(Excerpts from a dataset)
|---|

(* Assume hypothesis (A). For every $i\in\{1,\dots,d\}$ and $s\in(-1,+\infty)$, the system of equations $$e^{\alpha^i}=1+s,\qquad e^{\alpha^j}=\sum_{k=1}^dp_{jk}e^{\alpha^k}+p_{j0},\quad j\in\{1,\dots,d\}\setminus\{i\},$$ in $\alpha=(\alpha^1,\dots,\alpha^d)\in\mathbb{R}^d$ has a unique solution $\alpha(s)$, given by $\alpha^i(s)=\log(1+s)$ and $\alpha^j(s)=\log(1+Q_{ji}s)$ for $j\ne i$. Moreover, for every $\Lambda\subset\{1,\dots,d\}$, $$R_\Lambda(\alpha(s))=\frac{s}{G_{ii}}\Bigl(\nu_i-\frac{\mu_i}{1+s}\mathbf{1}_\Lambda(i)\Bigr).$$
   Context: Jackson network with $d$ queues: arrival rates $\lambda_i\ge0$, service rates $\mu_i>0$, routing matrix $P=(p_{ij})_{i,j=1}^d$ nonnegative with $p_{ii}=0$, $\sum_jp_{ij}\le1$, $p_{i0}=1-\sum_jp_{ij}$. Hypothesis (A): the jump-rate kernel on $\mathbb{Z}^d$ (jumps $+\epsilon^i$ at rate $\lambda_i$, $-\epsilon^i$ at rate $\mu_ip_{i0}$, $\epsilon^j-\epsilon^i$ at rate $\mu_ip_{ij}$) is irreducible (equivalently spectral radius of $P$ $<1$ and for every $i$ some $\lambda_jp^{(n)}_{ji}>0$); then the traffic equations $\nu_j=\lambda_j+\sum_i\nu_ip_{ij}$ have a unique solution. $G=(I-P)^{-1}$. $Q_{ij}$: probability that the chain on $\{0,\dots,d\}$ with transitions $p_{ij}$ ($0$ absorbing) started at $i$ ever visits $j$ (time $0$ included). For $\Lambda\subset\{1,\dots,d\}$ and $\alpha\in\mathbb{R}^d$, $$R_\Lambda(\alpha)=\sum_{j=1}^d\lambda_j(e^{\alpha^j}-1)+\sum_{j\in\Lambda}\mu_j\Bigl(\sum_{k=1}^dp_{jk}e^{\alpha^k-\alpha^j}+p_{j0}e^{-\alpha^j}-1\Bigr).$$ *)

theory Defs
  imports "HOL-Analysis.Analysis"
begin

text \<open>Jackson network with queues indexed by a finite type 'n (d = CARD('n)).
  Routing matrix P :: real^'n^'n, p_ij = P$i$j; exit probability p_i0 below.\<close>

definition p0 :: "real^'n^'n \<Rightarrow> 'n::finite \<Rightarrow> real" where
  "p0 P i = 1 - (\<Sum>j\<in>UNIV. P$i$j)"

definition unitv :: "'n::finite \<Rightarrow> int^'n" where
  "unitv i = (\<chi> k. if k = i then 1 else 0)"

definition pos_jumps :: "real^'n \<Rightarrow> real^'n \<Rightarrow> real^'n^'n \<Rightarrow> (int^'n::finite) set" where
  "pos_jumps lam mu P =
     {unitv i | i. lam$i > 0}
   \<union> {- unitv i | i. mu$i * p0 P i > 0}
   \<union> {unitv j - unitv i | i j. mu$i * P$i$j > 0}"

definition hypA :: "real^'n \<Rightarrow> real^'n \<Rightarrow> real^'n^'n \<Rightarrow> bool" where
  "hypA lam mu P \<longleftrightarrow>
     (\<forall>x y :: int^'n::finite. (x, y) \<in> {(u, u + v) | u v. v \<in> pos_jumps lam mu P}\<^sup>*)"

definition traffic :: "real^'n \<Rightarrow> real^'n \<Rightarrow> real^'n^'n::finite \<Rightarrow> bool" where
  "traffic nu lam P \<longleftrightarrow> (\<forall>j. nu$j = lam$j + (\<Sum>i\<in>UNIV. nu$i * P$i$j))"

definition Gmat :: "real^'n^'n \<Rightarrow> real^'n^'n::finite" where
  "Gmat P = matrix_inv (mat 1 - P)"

|---|

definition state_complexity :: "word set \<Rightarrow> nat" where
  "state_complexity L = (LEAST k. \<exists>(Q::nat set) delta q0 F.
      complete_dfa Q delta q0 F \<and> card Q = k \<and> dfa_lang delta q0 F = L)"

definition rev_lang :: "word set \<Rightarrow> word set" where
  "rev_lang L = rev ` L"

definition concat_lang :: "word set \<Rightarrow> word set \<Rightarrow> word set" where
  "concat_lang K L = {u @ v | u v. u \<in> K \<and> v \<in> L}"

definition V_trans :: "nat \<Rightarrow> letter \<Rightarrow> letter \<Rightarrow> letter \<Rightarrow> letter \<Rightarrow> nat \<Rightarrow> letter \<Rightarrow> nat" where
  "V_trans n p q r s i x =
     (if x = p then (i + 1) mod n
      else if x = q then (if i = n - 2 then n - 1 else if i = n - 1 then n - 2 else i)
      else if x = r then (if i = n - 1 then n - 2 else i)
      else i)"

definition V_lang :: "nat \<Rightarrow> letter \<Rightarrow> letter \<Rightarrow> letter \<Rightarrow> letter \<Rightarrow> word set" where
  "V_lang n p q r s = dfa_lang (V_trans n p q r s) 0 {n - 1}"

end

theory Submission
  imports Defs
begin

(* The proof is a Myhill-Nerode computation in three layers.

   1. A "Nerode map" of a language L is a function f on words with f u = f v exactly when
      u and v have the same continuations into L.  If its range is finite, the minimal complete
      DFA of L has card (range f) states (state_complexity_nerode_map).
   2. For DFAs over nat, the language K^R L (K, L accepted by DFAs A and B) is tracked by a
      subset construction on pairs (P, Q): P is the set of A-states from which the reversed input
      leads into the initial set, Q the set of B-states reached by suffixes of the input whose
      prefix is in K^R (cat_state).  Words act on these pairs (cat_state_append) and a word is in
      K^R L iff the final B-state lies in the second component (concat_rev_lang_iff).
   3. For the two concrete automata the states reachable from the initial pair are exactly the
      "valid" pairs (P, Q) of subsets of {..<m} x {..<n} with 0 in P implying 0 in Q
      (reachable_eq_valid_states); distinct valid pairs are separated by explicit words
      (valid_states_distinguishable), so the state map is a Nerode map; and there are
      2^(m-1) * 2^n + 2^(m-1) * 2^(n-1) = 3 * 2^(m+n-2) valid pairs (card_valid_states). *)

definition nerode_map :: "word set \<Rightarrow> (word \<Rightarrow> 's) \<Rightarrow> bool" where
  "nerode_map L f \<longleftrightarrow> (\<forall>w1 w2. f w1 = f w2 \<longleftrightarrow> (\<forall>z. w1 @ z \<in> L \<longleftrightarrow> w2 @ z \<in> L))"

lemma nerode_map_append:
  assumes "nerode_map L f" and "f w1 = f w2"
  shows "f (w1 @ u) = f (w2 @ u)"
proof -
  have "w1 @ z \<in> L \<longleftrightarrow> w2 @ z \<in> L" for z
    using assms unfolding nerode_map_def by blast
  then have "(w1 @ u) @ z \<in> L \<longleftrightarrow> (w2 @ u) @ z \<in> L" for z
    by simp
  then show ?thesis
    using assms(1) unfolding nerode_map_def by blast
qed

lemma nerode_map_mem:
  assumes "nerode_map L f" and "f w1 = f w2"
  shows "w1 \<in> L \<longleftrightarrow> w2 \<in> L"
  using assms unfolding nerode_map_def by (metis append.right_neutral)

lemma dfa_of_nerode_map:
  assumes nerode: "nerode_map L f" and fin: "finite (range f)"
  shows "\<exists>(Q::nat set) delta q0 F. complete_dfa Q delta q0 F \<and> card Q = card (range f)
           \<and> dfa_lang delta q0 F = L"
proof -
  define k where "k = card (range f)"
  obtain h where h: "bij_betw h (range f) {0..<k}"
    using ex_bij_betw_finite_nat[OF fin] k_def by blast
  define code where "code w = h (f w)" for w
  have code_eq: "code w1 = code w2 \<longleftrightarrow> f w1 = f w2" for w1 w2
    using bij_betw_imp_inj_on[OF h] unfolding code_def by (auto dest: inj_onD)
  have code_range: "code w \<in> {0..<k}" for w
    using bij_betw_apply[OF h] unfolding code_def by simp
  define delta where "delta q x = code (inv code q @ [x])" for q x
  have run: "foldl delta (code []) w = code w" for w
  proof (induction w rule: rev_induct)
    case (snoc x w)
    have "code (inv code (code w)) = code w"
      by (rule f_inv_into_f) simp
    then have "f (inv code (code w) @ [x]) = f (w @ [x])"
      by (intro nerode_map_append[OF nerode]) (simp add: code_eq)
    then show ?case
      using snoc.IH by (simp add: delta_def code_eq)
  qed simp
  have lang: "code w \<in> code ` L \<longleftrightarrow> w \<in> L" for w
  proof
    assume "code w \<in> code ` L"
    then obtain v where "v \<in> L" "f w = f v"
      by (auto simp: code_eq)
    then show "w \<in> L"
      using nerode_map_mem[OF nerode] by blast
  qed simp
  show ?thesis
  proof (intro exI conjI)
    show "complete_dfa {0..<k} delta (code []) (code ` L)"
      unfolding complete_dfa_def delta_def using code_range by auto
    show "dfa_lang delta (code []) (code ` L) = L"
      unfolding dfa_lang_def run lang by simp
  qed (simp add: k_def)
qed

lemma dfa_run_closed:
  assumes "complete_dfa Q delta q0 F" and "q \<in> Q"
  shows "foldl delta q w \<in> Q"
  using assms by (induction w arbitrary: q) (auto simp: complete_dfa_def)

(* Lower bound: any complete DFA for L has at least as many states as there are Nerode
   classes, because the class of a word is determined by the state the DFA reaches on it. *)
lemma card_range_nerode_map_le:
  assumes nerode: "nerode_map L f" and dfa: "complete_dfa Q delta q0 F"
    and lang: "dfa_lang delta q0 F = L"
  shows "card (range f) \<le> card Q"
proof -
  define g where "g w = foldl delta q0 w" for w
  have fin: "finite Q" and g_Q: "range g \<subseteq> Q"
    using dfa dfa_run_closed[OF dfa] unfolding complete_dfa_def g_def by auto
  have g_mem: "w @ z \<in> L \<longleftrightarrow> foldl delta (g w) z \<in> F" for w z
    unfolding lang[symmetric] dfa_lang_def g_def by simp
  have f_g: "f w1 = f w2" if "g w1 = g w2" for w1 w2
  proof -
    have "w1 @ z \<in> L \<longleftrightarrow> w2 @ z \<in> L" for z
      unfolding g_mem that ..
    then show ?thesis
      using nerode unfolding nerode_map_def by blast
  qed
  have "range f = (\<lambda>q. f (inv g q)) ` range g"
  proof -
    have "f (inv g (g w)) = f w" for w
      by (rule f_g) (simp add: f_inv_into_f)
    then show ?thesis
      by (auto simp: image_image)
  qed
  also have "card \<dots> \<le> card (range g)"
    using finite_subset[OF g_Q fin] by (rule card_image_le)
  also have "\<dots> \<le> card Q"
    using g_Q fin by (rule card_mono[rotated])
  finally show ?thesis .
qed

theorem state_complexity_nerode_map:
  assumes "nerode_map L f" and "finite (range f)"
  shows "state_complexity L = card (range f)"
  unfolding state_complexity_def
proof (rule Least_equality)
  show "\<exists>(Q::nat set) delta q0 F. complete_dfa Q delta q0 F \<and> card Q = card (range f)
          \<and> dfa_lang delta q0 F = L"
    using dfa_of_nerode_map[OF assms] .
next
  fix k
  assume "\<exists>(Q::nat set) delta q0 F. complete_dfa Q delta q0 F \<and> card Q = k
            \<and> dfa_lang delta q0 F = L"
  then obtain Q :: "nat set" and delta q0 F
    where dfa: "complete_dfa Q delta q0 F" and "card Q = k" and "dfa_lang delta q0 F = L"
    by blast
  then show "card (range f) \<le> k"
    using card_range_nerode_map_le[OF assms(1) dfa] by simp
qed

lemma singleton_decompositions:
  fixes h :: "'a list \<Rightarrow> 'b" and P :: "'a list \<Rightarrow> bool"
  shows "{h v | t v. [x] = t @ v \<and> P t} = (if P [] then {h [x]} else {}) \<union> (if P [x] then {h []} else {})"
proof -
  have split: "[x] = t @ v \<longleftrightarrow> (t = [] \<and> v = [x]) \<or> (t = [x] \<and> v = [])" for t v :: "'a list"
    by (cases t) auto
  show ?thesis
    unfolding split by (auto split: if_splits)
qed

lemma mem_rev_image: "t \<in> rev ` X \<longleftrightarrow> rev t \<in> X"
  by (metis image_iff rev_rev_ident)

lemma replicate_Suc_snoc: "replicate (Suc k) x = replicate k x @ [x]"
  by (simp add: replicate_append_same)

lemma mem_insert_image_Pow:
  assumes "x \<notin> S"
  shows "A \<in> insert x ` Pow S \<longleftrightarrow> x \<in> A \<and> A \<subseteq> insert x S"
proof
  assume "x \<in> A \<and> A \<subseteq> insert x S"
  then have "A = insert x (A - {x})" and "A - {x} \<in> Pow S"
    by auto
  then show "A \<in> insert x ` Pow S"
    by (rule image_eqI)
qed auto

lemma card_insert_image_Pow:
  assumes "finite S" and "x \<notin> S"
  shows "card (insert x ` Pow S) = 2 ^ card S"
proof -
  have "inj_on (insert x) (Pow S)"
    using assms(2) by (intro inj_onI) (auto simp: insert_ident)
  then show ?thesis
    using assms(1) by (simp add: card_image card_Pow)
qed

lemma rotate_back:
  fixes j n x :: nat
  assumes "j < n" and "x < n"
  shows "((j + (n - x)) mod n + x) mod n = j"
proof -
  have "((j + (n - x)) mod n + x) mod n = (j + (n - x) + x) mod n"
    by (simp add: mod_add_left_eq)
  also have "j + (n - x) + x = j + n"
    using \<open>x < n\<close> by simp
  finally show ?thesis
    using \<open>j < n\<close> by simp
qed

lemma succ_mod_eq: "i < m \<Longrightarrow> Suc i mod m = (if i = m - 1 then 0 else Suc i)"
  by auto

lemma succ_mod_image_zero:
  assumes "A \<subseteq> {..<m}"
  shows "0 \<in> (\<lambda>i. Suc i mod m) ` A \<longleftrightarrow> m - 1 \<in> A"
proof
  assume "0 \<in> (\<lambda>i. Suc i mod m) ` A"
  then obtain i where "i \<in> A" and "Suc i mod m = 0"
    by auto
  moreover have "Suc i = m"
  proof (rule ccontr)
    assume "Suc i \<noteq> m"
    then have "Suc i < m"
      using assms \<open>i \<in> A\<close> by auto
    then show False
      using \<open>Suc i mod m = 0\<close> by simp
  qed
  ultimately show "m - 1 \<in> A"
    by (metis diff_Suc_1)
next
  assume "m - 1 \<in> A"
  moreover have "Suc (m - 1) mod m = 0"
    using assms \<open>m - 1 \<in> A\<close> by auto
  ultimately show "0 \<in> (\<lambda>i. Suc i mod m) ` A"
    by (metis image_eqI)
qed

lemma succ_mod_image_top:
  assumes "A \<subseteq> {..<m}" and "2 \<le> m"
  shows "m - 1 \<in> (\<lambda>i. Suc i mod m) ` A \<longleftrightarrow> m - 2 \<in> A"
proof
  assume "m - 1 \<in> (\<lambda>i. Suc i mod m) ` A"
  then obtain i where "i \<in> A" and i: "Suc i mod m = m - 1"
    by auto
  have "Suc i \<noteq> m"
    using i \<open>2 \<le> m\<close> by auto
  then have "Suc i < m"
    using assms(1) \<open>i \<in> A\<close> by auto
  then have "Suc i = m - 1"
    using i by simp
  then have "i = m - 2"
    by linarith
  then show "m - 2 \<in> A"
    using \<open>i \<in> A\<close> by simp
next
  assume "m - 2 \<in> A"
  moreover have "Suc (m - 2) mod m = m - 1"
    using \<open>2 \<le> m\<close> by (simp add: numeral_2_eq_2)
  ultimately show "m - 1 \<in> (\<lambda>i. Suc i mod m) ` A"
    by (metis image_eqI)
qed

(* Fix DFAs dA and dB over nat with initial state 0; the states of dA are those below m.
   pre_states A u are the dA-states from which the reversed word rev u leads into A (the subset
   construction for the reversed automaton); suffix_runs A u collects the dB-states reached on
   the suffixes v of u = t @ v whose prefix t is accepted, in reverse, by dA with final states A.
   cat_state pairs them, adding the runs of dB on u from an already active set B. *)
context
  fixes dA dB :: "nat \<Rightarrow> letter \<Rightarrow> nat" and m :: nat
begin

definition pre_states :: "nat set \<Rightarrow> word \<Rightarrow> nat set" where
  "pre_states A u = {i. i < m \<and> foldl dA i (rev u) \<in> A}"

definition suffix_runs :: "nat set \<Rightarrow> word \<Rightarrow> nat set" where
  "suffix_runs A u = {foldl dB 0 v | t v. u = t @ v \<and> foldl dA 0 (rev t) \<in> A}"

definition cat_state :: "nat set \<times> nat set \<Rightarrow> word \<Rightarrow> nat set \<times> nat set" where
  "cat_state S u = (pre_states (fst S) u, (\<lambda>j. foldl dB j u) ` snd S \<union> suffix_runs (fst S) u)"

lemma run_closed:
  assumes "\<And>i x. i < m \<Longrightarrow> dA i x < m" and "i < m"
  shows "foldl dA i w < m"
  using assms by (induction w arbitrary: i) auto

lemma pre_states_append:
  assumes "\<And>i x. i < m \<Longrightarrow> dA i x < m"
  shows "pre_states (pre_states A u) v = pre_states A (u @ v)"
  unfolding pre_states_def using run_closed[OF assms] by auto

|---|

* **EXERCISE OBJECTIVE**: Here the output must be the lines above from the line with "(* Assume hypothesis" to the line with "(\<chi> k. if", both included, duplicated word for word and nothing else.

* **RESPONSE BOX**:
(* Assume hypothesis (A). For every $i\in\{1,\dots,d\}$ and $s\in(-1,+\infty)$, the system of equations $$e^{\alpha^i}=1+s,\qquad e^{\alpha^j}=\sum_{k=1}^dp_{jk}e^{\alpha^k}+p_{j0},\quad j\in\{1,\dots,d\}\setminus\{i\},$$ in $\alpha=(\alpha^1,\dots,\alpha^d)\in\mathbb{R}^d$ has a unique solution $\alpha(s)$, given by $\alpha^i(s)=\log(1+s)$ and $\alpha^j(s)=\log(1+Q_{ji}s)$ for $j\ne i$. Moreover, for every $\Lambda\subset\{1,\dots,d\}$, $$R_\Lambda(\alpha(s))=\frac{s}{G_{ii}}\Bigl(\nu_i-\frac{\mu_i}{1+s}\mathbf{1}_\Lambda(i)\Bigr).$$
   Context: Jackson network with $d$ queues: arrival rates $\lambda_i\ge0$, service rates $\mu_i>0$, routing matrix $P=(p_{ij})_{i,j=1}^d$ nonnegative with $p_{ii}=0$, $\sum_jp_{ij}\le1$, $p_{i0}=1-\sum_jp_{ij}$. Hypothesis (A): the jump-rate kernel on $\mathbb{Z}^d$ (jumps $+\epsilon^i$ at rate $\lambda_i$, $-\epsilon^i$ at rate $\mu_ip_{i0}$, $\epsilon^j-\epsilon^i$ at rate $\mu_ip_{ij}$) is irreducible (equivalently spectral radius of $P$ $<1$ and for every $i$ some $\lambda_jp^{(n)}_{ji}>0$); then the traffic equations $\nu_j=\lambda_j+\sum_i\nu_ip_{ij}$ have a unique solution. $G=(I-P)^{-1}$. $Q_{ij}$: probability that the chain on $\{0,\dots,d\}$ with transitions $p_{ij}$ ($0$ absorbing) started at $i$ ever visits $j$ (time $0$ included). For $\Lambda\subset\{1,\dots,d\}$ and $\alpha\in\mathbb{R}^d$, $$R_\Lambda(\alpha)=\sum_{j=1}^d\lambda_j(e^{\alpha^j}-1)+\sum_{j\in\Lambda}\mu_j\Bigl(\sum_{k=1}^dp_{jk}e^{\alpha^k-\alpha^j}+p_{j0}e^{-\alpha^j}-1\Bigr).$$ *)

theory Defs
  imports "HOL-Analysis.Analysis"
begin

text \<open>Jackson network with queues indexed by a finite type 'n (d = CARD('n)).
  Routing matrix P :: real^'n^'n, p_ij = P$i$j; exit probability p_i0 below.\<close>

definition p0 :: "real^'n^'n \<Rightarrow> 'n::finite \<Rightarrow> real" where
  "p0 P i = 1 - (\<Sum>j\<in>UNIV. P$i$j)"

definition unitv :: "'n::finite \<Rightarrow> int^'n" where
  "unitv i = (\<chi> k. if k = i then 1 else 0)"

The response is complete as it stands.